#### WHAT TO WORK ON
Reproduce the whole listing, keeping each word unchanged.

#### EXTRACTED INFORMATION
##########

lemma sum_card_failed_phases_ge:
  "r * r * s * 2 ^ card slots
    \<le> 4 * (s * (\<Sum>Z\<in>Pow slots. card (failed_phases Z))) + 8 * (r * (2 * view_bits + 3) * 2 ^ card slots)"
proof -
  have "r * r * s * 2 ^ card slots = (\<Sum>p<r. \<Sum>q<r. 4 * (\<Sum>Z\<in>Pow slots. card (common_slots Z p q)))"
    by (simp add: sum_card_common_slots)
  also have "\<dots> = 4 * (\<Sum>Z\<in>Pow slots. \<Sum>p<r. \<Sum>q<r. card (common_slots Z p q))"
    by (simp only: sum.swap[of _ "{..<r}" "Pow slots"]) (simp add: sum_distrib_left)
  also have "\<dots> \<le> 4 * (\<Sum>Z\<in>Pow slots. s * card (failed_phases Z) + (\<Sum>c<2 * r. card (certified Z c)))"
    using sum_card_common_slots_le by (intro mult_le_mono2 sum_mono) auto
  also have "\<dots> = 4 * (s * (\<Sum>Z\<in>Pow slots. card (failed_phases Z)))
      + 4 * (\<Sum>c<2 * r. \<Sum>Z\<in>Pow slots. card (certified Z c))"
    by (simp only: sum.distrib sum_distrib_left[symmetric] sum.swap[of _ "Pow slots" "{..<2 * r}"]
        add_mult_distrib2)
  also have "\<dots> \<le> 4 * (s * (\<Sum>Z\<in>Pow slots. card (failed_phases Z)))
      + 4 * (\<Sum>c<2 * r. (2 * view_bits + 3) * 2 ^ card slots)"
    using sum_card_certified_le by (intro add_mono mult_le_mono2 sum_mono) auto
  finally show ?thesis
    by (simp add: mult_ac)
qed
lemma rbn_realisable_receive:
  assumes receiver: "rbn_realisable TS s" "R_rel TS s (Recv a) s'"
    and sender: "rbn_realisable TS r" "R_rel TS r (Bcast a) x"
  shows "rbn_realisable TS s'"
  unfolding rbn_realisable_def
proof (intro allI impI)
  fix X and v :: nat
  assume X: "finite X" "v \<notin> X"
  then obtain g0 g where g: "g0 \<in> Theta0 TS" "rbn_reach TS g0 g" "v \<in> Vs g0" "Vs g0 \<inter> X = {}"
    "Lab g v = s"
    using receiver(1) unfolding rbn_realisable_def by blast
  define Y where "Y = X \<union> Vs g0"
  have "finite Y"
    using X(1) Theta0_sgraph_wf[OF g(1)] by (simp add: Y_def sgraph_wf_def)
  then obtain u where u: "u \<notin> Y"
    using ex_new_if_finite infinite_UNIV_nat by blast
  then obtain h0 h where h: "h0 \<in> Theta0 TS" "rbn_reach TS h0 h" "u \<in> Vs h0" "Vs h0 \<inter> Y = {}"
    "Lab h u = r"
    using sender(1) \<open>finite Y\<close> unfolding rbn_realisable_def by blast
  have "Vs g0 \<inter> Vs h0 = {}" using h(4) by (auto simp: Y_def)
  then obtain k0 k where k: "k0 \<in> Theta0 TS" "rbn_reach TS k0 k" "Vs k0 = Vs g0 \<union> Vs h0"
    "\<forall>y\<in>Vs g0. Lab k y = Lab g y" "\<forall>y\<in>Vs h0. Lab k y = Lab h y"
    using rbn_reach_disjoint_union[OF g(1,2) h(1,2)] by blast
  have wf: "sgraph_wf k \<and> Vs k = Vs k0"
    using rbn_reach_sgraph_wf[OF k(2) Theta0_sgraph_wf[OF k(1)]] .
  have "u \<noteq> v" using u g(3) by (auto simp: Y_def)
  then have "rbn_reach TS k (k\<lparr>Lab := \<lambda>w. if w = u then x else if w \<in> {v} then s' else Lab k w\<rparr>)"
    using wf k(3-5) g(3,5) h(3,5) receiver(2) sender(2)
    by (intro rbn_reach_broadcast) auto
  with k(2) have "rbn_reach TS k0 (k\<lparr>Lab := \<lambda>w. if w = u then x else if w \<in> {v} then s' else Lab k w\<rparr>)"
    unfolding rbn_reach_def by simp
  moreover have "v \<in> Vs k0" "Vs k0 \<inter> X = {}"
    using k(3) g(3,4) h(4) by (auto simp: Y_def)
  ultimately show "\<exists>g0 g. g0 \<in> Theta0 TS \<and> rbn_reach TS g0 g \<and> v \<in> Vs g0 \<and> Vs g0 \<inter> X = {} \<and> Lab g v = s'"
    using k(1) \<open>u \<noteq> v\<close> by (intro exI[of _ k0] exI[of _ "k\<lparr>Lab := _\<rparr>"]) auto
qed

lemma Pseq_subset_Rules: "Pseq TS i \<subseteq> p_Rules TS"
  unfolding Pseq_def by (induction i) (auto simp: Let_def Rset_def)

lemma Pseq_Recv_rule_handled_earlier:
  assumes "is_process TS" "t \<in> Pseq TS i" "p_lab TS t = Recv a"
  shows "\<exists>j<i. \<exists>t'\<in>Bset TS a. \<exists>c\<in>cmin TS t'. coverable TS (Pseq TS j) c"
  using assms(2,3)
proof (induction i)
  case 0
  then have "t \<in> p_Rules TS" "t \<notin> Rec TS" by (auto simp: Pseq_def)
  moreover from this have "p_lab TS t \<in> Bcast ` p_Sig TS \<union> Recv ` p_Sig TS"
    using assms(1) by (auto simp: is_process_def)
  ultimately show ?case using 0 by (auto simp: Rec_def Rset_def)
next
  case (Suc i)
  show ?case
  proof (cases "t \<in> Pseq TS i")
    case True
    then show ?thesis using Suc by (meson less_Suc_eq)
  next
    case False
    then obtain b where b: "b \<in> new_letters TS (Pseq TS i) (snd (pseq TS i))" "t \<in> Rset TS b"
      using Suc(2) by (auto simp: Pseq_def Let_def)
    then have "b = a" using Suc(3) by (auto simp: Rset_def)
    then show ?thesis using b(1) by (auto simp: new_letters_def)
  qed
qed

##########

#### RESPONSE TO THIS EXERCISE
lemma sum_card_failed_phases_ge:
  "r * r * s * 2 ^ card slots
    \<le> 4 * (s * (\<Sum>Z\<in>Pow slots. card (failed_phases Z))) + 8 * (r * (2 * view_bits + 3) * 2 ^ card slots)"
proof -
  have "r * r * s * 2 ^ card slots = (\<Sum>p<r. \<Sum>q<r. 4 * (\<Sum>Z\<in>Pow slots. card (common_slots Z p q)))"
    by (simp add: sum_card_common_slots)
  also have "\<dots> = 4 * (\<Sum>Z\<in>Pow slots. \<Sum>p<r. \<Sum>q<r. card (common_slots Z p q))"
    by (simp only: sum.swap[of _ "{..<r}" "Pow slots"]) (simp add: sum_distrib_left)
  also have "\<dots> \<le> 4 * (\<Sum>Z\<in>Pow slots. s * card (failed_phases Z) + (\<Sum>c<2 * r. card (certified Z c)))"
    using sum_card_common_slots_le by (intro mult_le_mono2 sum_mono) auto
  also have "\<dots> = 4 * (s * (\<Sum>Z\<in>Pow slots. card (failed_phases Z)))
      + 4 * (\<Sum>c<2 * r. \<Sum>Z\<in>Pow slots. card (certified Z c))"
    by (simp only: sum.distrib sum_distrib_left[symmetric] sum.swap[of _ "Pow slots" "{..<2 * r}"]
        add_mult_distrib2)
  also have "\<dots> \<le> 4 * (s * (\<Sum>Z\<in>Pow slots. card (failed_phases Z)))
      + 4 * (\<Sum>c<2 * r. (2 * view_bits + 3) * 2 ^ card slots)"
    using sum_card_certified_le by (intro add_mono mult_le_mono2 sum_mono) auto
  finally show ?thesis
    by (simp add: mult_ac)
qed
lemma rbn_realisable_receive:
  assumes receiver: "rbn_realisable TS s" "R_rel TS s (Recv a) s'"
    and sender: "rbn_realisable TS r" "R_rel TS r (Bcast a) x"
  shows "rbn_realisable TS s'"
  unfolding rbn_realisable_def
proof (intro allI impI)
  fix X and v :: nat
  assume X: "finite X" "v \<notin> X"
  then obtain g0 g where g: "g0 \<in> Theta0 TS" "rbn_reach TS g0 g" "v \<in> Vs g0" "Vs g0 \<inter> X = {}"
    "Lab g v = s"
    using receiver(1) unfolding rbn_realisable_def by blast
  define Y where "Y = X \<union> Vs g0"
  have "finite Y"
    using X(1) Theta0_sgraph_wf[OF g(1)] by (simp add: Y_def sgraph_wf_def)
  then obtain u where u: "u \<notin> Y"
    using ex_new_if_finite infinite_UNIV_nat by blast
  then obtain h0 h where h: "h0 \<in> Theta0 TS" "rbn_reach TS h0 h" "u \<in> Vs h0" "Vs h0 \<inter> Y = {}"
    "Lab h u = r"
    using sender(1) \<open>finite Y\<close> unfolding rbn_realisable_def by blast
  have "Vs g0 \<inter> Vs h0 = {}" using h(4) by (auto simp: Y_def)
  then obtain k0 k where k: "k0 \<in> Theta0 TS" "rbn_reach TS k0 k" "Vs k0 = Vs g0 \<union> Vs h0"
    "\<forall>y\<in>Vs g0. Lab k y = Lab g y" "\<forall>y\<in>Vs h0. Lab k y = Lab h y"
    using rbn_reach_disjoint_union[OF g(1,2) h(1,2)] by blast
  have wf: "sgraph_wf k \<and> Vs k = Vs k0"
    using rbn_reach_sgraph_wf[OF k(2) Theta0_sgraph_wf[OF k(1)]] .
  have "u \<noteq> v" using u g(3) by (auto simp: Y_def)
  then have "rbn_reach TS k (k\<lparr>Lab := \<lambda>w. if w = u then x else if w \<in> {v} then s' else Lab k w\<rparr>)"
    using wf k(3-5) g(3,5) h(3,5) receiver(2) sender(2)
    by (intro rbn_reach_broadcast) auto
  with k(2) have "rbn_reach TS k0 (k\<lparr>Lab := \<lambda>w. if w = u then x else if w \<in> {v} then s' else Lab k w\<rparr>)"
    unfolding rbn_reach_def by simp
  moreover have "v \<in> Vs k0" "Vs k0 \<inter> X = {}"
    using k(3) g(3,4) h(4) by (auto simp: Y_def)
  ultimately show "\<exists>g0 g. g0 \<in> Theta0 TS \<and> rbn_reach TS g0 g \<and> v \<in> Vs g0 \<and> Vs g0 \<inter> X = {} \<and> Lab g v = s'"
    using k(1) \<open>u \<noteq> v\<close> by (intro exI[of _ k0] exI[of _ "k\<lparr>Lab := _\<rparr>"]) auto
qed

lemma Pseq_subset_Rules: "Pseq TS i \<subseteq> p_Rules TS"
  unfolding Pseq_def by (induction i) (auto simp: Let_def Rset_def)

lemma Pseq_Recv_rule_handled_earlier:
  assumes "is_process TS" "t \<in> Pseq TS i" "p_lab TS t = Recv a"
  shows "\<exists>j<i. \<exists>t'\<in>Bset TS a. \<exists>c\<in>cmin TS t'. coverable TS (Pseq TS j) c"
  using assms(2,3)
proof (induction i)
  case 0
  then have "t \<in> p_Rules TS" "t \<notin> Rec TS" by (auto simp: Pseq_def)
  moreover from this have "p_lab TS t \<in> Bcast ` p_Sig TS \<union> Recv ` p_Sig TS"
    using assms(1) by (auto simp: is_process_def)
  ultimately show ?case using 0 by (auto simp: Rec_def Rset_def)
next
  case (Suc i)
  show ?case
  proof (cases "t \<in> Pseq TS i")
    case True
    then show ?thesis using Suc by (meson less_Suc_eq)
  next
    case False
    then obtain b where b: "b \<in> new_letters TS (Pseq TS i) (snd (pseq TS i))" "t \<in> Rset TS b"
      using Suc(2) by (auto simp: Pseq_def Let_def)
    then have "b = a" using Suc(3) by (auto simp: Rset_def)
    then show ?thesis using b(1) by (auto simp: new_letters_def)
  qed
qed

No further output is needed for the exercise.